The Wachowski siblings’ sci-fi blockbuster needs no introduction; labels like “classic” do not come close to doing it justice. Keanu Reeves snapped out of ordinary life to fulfill a Christ-like call to arms, taking on the gods of the computer program dictating our lives. The “bullet time” sequences inspired countless copies, although attempting to trace the impact of The Matrix is folly. A genuine phenomenon; more a cultural touchstone than a movie per se.
Tilda Swinton plays the Willy Wonka-esque CEO of a company that produces a not-so-sweet product: giant genetically engineered pigs to carve up and sell worldwide. Chaos ensues when a young girl (Seo-Hyun Ahn) puts up a fight to save the titular character’s bacon. There’s Spielbergian largesse in Bong Joon Ho’s brisk direction, but he goes places Spielberg wouldn’t—with prickly messages about anti-meat consumption and corporate malfeasance.

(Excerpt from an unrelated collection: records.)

(* Fix $\alpha>0$, and let $h:[0,\infty)\to[0,\infty)$ be an increasing function with $h(t)\to\infty$ as $t\to\infty$ such that, for some $\rho\in(0,1)$, $\log h(t)<\rho\,(\alpha\wedge1)\log\log t$ for all sufficiently large $t$. Then there exists a non-negative random variable $X$ satisfying $\mathbb{E}[X^p]\le \frac{C}{\alpha-p}$ for all $p\in(0,\alpha)$ and some constant $C>0$ (equivalently, $\int_0^r y^{\alpha-1}\mathbb{P}(X\ge y)\,\mathrm{d}y\le C'\log r$ for all $r\ge\mathrm{e}$ and some $C'>0$), such that $$\limsup_{t\to\infty}\frac{t^\alpha\,\mathbb{P}(X\ge t)}{h(t)}\ge 1.$$ If moreover $\log h(t)=o(\log\log t)$ as $t\to\infty$, then $X$ can be chosen such that $t\mapsto\mathbb{P}(X\ge t)$ is regularly varying with index $-\alpha$.
   Context: $\alpha\wedge 1=\min(\alpha,1)$. A function $g:(0,\infty)\to(0,\infty)$ is regularly varying with index $\beta\in\mathbb{R}$ if $\lim_{t\to\infty} g(at)/g(t)=a^\beta$ for every $a>0$. *)

theory Defs
  imports "HOL-Probability.Probability" "HOL-Library.Landau_Symbols"
begin

definition regularly_varying :: "(real \<Rightarrow> real) \<Rightarrow> real \<Rightarrow> bool" where
  "regularly_varying g \<beta> \<longleftrightarrow>
     (\<forall>t>0. g t > 0) \<and>
     (\<forall>a>0. ((\<lambda>t. g (a * t) / g t) \<longlongrightarrow> a powr \<beta>) at_top)"

end

theory Submission
  imports Defs "HOL-Real_Asymp.Real_Asymp"
begin

text \<open>
  The tail is built as \<open>P(X \<ge> t) = t powr -\<alpha> * exp (\<phi> (ln t))\<close>, where the profile \<open>\<phi>\<close>
  is a sum of tents, one on each dyadic block \<open>[2^k, 2^(k+1))\<close> of the logarithmic scale.
  The k-th tent has height about \<open>1 + ln h (exp (2^(k+1)))\<close> and slope \<open>c / (k + 1)\<close>. Its
  peak lies below \<open>exp (2^(k+1))\<close>, so there the tail times \<open>t powr \<alpha>\<close> exceeds \<open>h t\<close> by
  monotonicity of \<open>h\<close>. Since \<open>\<phi>\<close> is \<open>\<alpha>/2\<close>-Lipschitz the tail is decreasing, and slopes
  tending to 0 make it regularly varying with index \<open>-\<alpha>\<close>, even without the hypothesis
  \<open>ln h = o(ln ln t)\<close>, so one variable serves both claims. For the moments,
  \<open>E X^p \<le> C / (\<alpha> - p)\<close> reduces to the summability of \<open>(exp (\<phi> j) - 1) / j\<close>. Capping the
  tent heights by \<open>ln (2^k / (k + 1)^4)\<close> makes each block contribute \<open>O(1 / (k + 1)^2)\<close>, and
  the growth hypothesis on \<open>h\<close> is exactly what keeps this cap inactive for large \<open>k\<close>.
\<close>

lemma card_nat_interval_le:
  assumes "a \<le> b"
  shows "real (card {j::nat. a \<le> real j \<and> real j \<le> b}) \<le> b - a + 1"
proof -
  have sub: "{j::nat. a \<le> real j \<and> real j \<le> b} \<subseteq> {nat \<lceil>a\<rceil>..nat \<lfloor>b\<rfloor>}"
    by (auto simp: le_nat_iff ceiling_le_iff le_floor_iff)
  have "card {j::nat. a \<le> real j \<and> real j \<le> b} \<le> card {nat \<lceil>a\<rceil>..nat \<lfloor>b\<rfloor>}"
    by (rule card_mono[OF _ sub]) simp
  hence "real (card {j::nat. a \<le> real j \<and> real j \<le> b}) \<le> real (nat \<lfloor>b\<rfloor> + 1 - nat \<lceil>a\<rceil>)"
    by simp
  also have "\<dots> \<le> b - a + 1"
    using assms by (cases "nat \<lceil>a\<rceil> \<le> nat \<lfloor>b\<rfloor> + 1") (auto simp: of_nat_diff, linarith+)
  finally show ?thesis .
qed

lemma finite_nat_interval: "finite {j::nat. a \<le> real j \<and> real j \<le> b}"
  by (rule finite_subset[of _ "{..nat \<lfloor>b\<rfloor>}"]) (auto simp: le_nat_iff le_floor_iff)

definition survival_pmf :: "(nat \<Rightarrow> real) \<Rightarrow> nat pmf" where
  "survival_pmf S = embed_pmf (\<lambda>n. S n - S (Suc n))"

lemma prob_survival_pmf_atLeast:
  assumes S0: "S 0 = 1" and S_dec: "\<And>n. S (Suc n) \<le> S n" and S_lim: "S \<longlonglongrightarrow> 0"
  shows "measure_pmf.prob (survival_pmf S) {N..} = S N"
proof -
  have s: "(\<lambda>n. S n - S (Suc n)) sums 1"
    using telescope_sums'[OF S_lim] S0 by simp
  have nn: "\<And>n. 0 \<le> S n - S (Suc n)" using S_dec by simp
  have "(\<integral>\<^sup>+n. ennreal (S n - S (Suc n)) \<partial>count_space UNIV) = 1"
    using suminf_ennreal2[OF nn sums_summable[OF s]] sums_unique[OF s]
    by (simp add: nn_integral_count_space_nat)
  hence pmf_S: "\<And>n. pmf (survival_pmf S) n = S n - S (Suc n)"
    unfolding survival_pmf_def by (intro pmf_embed_pmf nn)
  have "measure_pmf.prob (survival_pmf S) {..<N} = (\<Sum>n<N. S n - S (Suc n))"
    by (simp add: measure_measure_pmf_finite pmf_S)
  also have "\<dots> = 1 - S N" using S0 by (simp add: sum_lessThan_telescope')
  finally show ?thesis
    using measure_pmf.prob_compl[of "{..<N}" "survival_pmf S"] by (simp add: Compl_eq_Diff_UNIV[symmetric])
qed

lemma ennreal_term_le_suminf: "(f :: nat \<Rightarrow> ennreal) n \<le> suminf f"
  using sum_le_suminf[of f "{n}"] by simp

lemma powr_le_tail_series:
  fixes y p :: real
  assumes p: "0 < p" and y: "0 \<le> y"
  shows "ennreal (y powr p) \<le> 1 + (\<Sum>j. ennreal (exp ((real j + 1) * p)) * indicator {exp (real j)..} y)"
proof (cases "y < 1")
  case True
  have "y powr p \<le> 1"
    using True p y by (cases "y = 0") (auto intro!: powr_le1)
  hence "ennreal (y powr p) \<le> 1" by (simp add: ennreal_le_1)
  thus ?thesis by (rule order_trans) simp
next
  case False
  define J where "J = nat \<lfloor>ln y\<rfloor>"
  have J: "real J \<le> ln y" "ln y < real J + 1" using False by (auto simp: J_def)
  have "exp (real J) \<le> y" using J(1) False by (simp add: ln_ge_iff)
  moreover have "y powr p \<le> exp ((real J + 1) * p)"
    using False J(2) p by (simp add: powr_def mult.commute)
  ultimately have "ennreal (y powr p) \<le> ennreal (exp ((real J + 1) * p)) * indicator {exp (real J)..} y"
    by (simp add: ennreal_leI)
  also have "\<dots> \<le> (\<Sum>j. ennreal (exp ((real j + 1) * p)) * indicator {exp (real j)..} y)"
    by (rule ennreal_term_le_suminf)
  finally show ?thesis by (rule order_trans) simp
qed

lemma (in prob_space) nn_integral_powr_le_tail_series:
  assumes X: "X \<in> borel_measurable M" and p: "0 < p"
  shows "(\<integral>\<^sup>+x. ennreal (max 0 (X x) powr p) \<partial>M)
           \<le> 1 + (\<Sum>j. ennreal (exp ((real j + 1) * p)) * emeasure M {x\<in>space M. exp (real j) \<le> max 0 (X x)})"
proof -
  let ?A = "\<lambda>j. {x\<in>space M. exp (real j) \<le> max 0 (X x)}"
  have A: "?A j \<in> sets M" for j using X by measurable
  have "(\<integral>\<^sup>+x. ennreal (max 0 (X x) powr p) \<partial>M)
        \<le> (\<integral>\<^sup>+x. 1 + (\<Sum>j. ennreal (exp ((real j + 1) * p)) * indicator (?A j) x) \<partial>M)"
  proof (rule nn_integral_mono)
    fix x assume "x \<in> space M"
    then show "ennreal (max 0 (X x) powr p) \<le> 1 + (\<Sum>j. ennreal (exp ((real j + 1) * p)) * indicator (?A j) x)"
      using powr_le_tail_series[OF p, of "max 0 (X x)"] by (simp add: indicator_def)
  qed
  also have "\<dots> = 1 + (\<Sum>j. \<integral>\<^sup>+x. ennreal (exp ((real j + 1) * p)) * indicator (?A j) x \<partial>M)"
    using A by (simp add: nn_integral_add nn_integral_suminf emeasure_space_1)
  also have "\<dots> = 1 + (\<Sum>j. ennreal (exp ((real j + 1) * p)) * emeasure M (?A j))"
    using A by (simp add: nn_integral_cmult_indicator)
  finally show ?thesis .
qed

lemma ln_ceiling_minus_ln_bounds:
  fixes s :: real
  assumes "1 \<le> s"
  shows "0 \<le> ln (real_of_int \<lceil>s\<rceil>) - ln s" and "ln (real_of_int \<lceil>s\<rceil>) - ln s \<le> 1 / s"
proof -
  have s0: "s > 0" using assms by simp
  have c: "s \<le> real_of_int \<lceil>s\<rceil>" "real_of_int \<lceil>s\<rceil> \<le> s + 1" by linarith+
  show "0 \<le> ln (real_of_int \<lceil>s\<rceil>) - ln s" using c s0 by simp
  have "ln (real_of_int \<lceil>s\<rceil>) \<le> ln (s + 1)" using c s0 by simp
  also have "ln (s + 1) = ln (s * (1 + 1/s))" using s0 by (simp add: distrib_left)
  also have "\<dots> = ln s + ln (1 + 1/s)" using s0 by (intro ln_mult_pos) (auto intro: add_pos_pos)
  also have "ln (1 + 1/s) \<le> 1/s" using s0 by (intro ln_add_one_self_le_self) auto
  finally show "ln (real_of_int \<lceil>s\<rceil>) - ln s \<le> 1 / s" by simp
qed

lemma tendsto_ln_ceiling_minus_ln: "((\<lambda>s. ln (real_of_int \<lceil>s\<rceil>) - ln s) \<longlongrightarrow> 0) at_top"
proof (rule Lim_null_comparison)
  show "\<forall>\<^sub>F s in at_top. norm (ln (real_of_int \<lceil>s\<rceil>) - ln s) \<le> 1 / s"
    using eventually_ge_at_top[of "1::real"]
    by eventually_elim (use ln_ceiling_minus_ln_bounds in auto)
  show "((\<lambda>s::real. 1 / s) \<longlongrightarrow> 0) at_top" by real_asymp
qed

lemma filterlim_ln_ceiling_at_top: "filterlim (\<lambda>s::real. ln (real_of_int \<lceil>s\<rceil>)) at_top at_top"
proof -
  have "eventually (\<lambda>s. ln s \<le> ln (real_of_int \<lceil>s\<rceil>)) at_top"
    using eventually_ge_at_top[of "1::real"]
    by eventually_elim (use ln_ceiling_minus_ln_bounds in auto)
  then show ?thesis using filterlim_at_top_mono[OF ln_at_top] by simp
qed

lemma tendsto_ln_ceiling_scale:
  fixes c :: real
  assumes c: "c > 0"
  shows "((\<lambda>t. ln (real_of_int \<lceil>c * t\<rceil>) - ln (real_of_int \<lceil>t\<rceil>)) \<longlongrightarrow> ln c) at_top"
proof -
  let ?d = "\<lambda>s::real. ln (real_of_int \<lceil>s\<rceil>) - ln s"
  have ct: "filterlim (\<lambda>t. c * t) at_top at_top"
    by (rule filterlim_tendsto_pos_mult_at_top[OF tendsto_const c filterlim_ident])
  have "((\<lambda>t. ?d (c * t) - ?d t + ln c) \<longlongrightarrow> 0 - 0 + ln c) at_top"
    using tendsto_add[OF tendsto_diff[OF filterlim_compose[OF tendsto_ln_ceiling_minus_ln ct]
          tendsto_ln_ceiling_minus_ln] tendsto_const] .
  moreover have "eventually (\<lambda>t. ?d (c * t) - ?d t + ln c
                   = ln (real_of_int \<lceil>c * t\<rceil>) - ln (real_of_int \<lceil>t\<rceil>)) at_top"
    using eventually_gt_at_top[of "0::real"] by eventually_elim (use c in \<open>simp add: ln_mult_pos\<close>)
  ultimately show ?thesis by (simp add: tendsto_cong)
qed

locale heavy_tail_construction =
  fixes \<alpha> :: real and h :: "real \<Rightarrow> real"
  assumes alpha_pos: "\<alpha> > 0"
begin

definition slope_max :: real where
  "slope_max = min (\<alpha>/4) 1"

Leonardo DiCaprio has never copped it harder than in Alejandro González Iñárritu’s neo-western survival film: he’s beaten, slashed, shot, mauled, frozen, buried alive, flung off a cliff…and that’s just the first 30 minutes. Beginning with a breathtaking early skirmish, Emmanuel Lubezki’s striking camera work follows poor Leo in close proximity, as he embarks on quest for revenge against rotten old Tom Hardy.
It’s more of a drama, really—but the final hellzapoppin moments in Brian DePalma’s highly quotable gangster film (“say hello to my little friend!”) alone qualify it was an indispensable action flick. A coke dealing (and snorting) Tony Montana (Al Pacino) climbs the crime ladder—and good luck to anybody who stands in his way.
The titular character’s dialogue-free movie spin-off—on the family-friendly side of the action genre—sends Shaun to the big city, on a mission to return his amnesia-afflicted farmer pal. Evoking the craftsmanship of great silent era comedies, in addition to inspirations ranging from Jacques Tati to Luis Buñuel, co-directors Mark Burton and Richard Starzak construct an utterly delightful work of art: spirited, lively, inventive, humane.
Gregor Jordan’s offbeat Australian crime caper casts a then little-known Heath Ledger as a bird-brained wannabe crook, who misplaces a big bag of cash and finds himself tumbling down the “in over your head” crime movie trajectory. It’s not a great performance, but it suits the scratchy, uneven but endearing charm of the film, which mixes Lock Stock-esque crime shenanigans with a quintessentially Aussie sense of humour.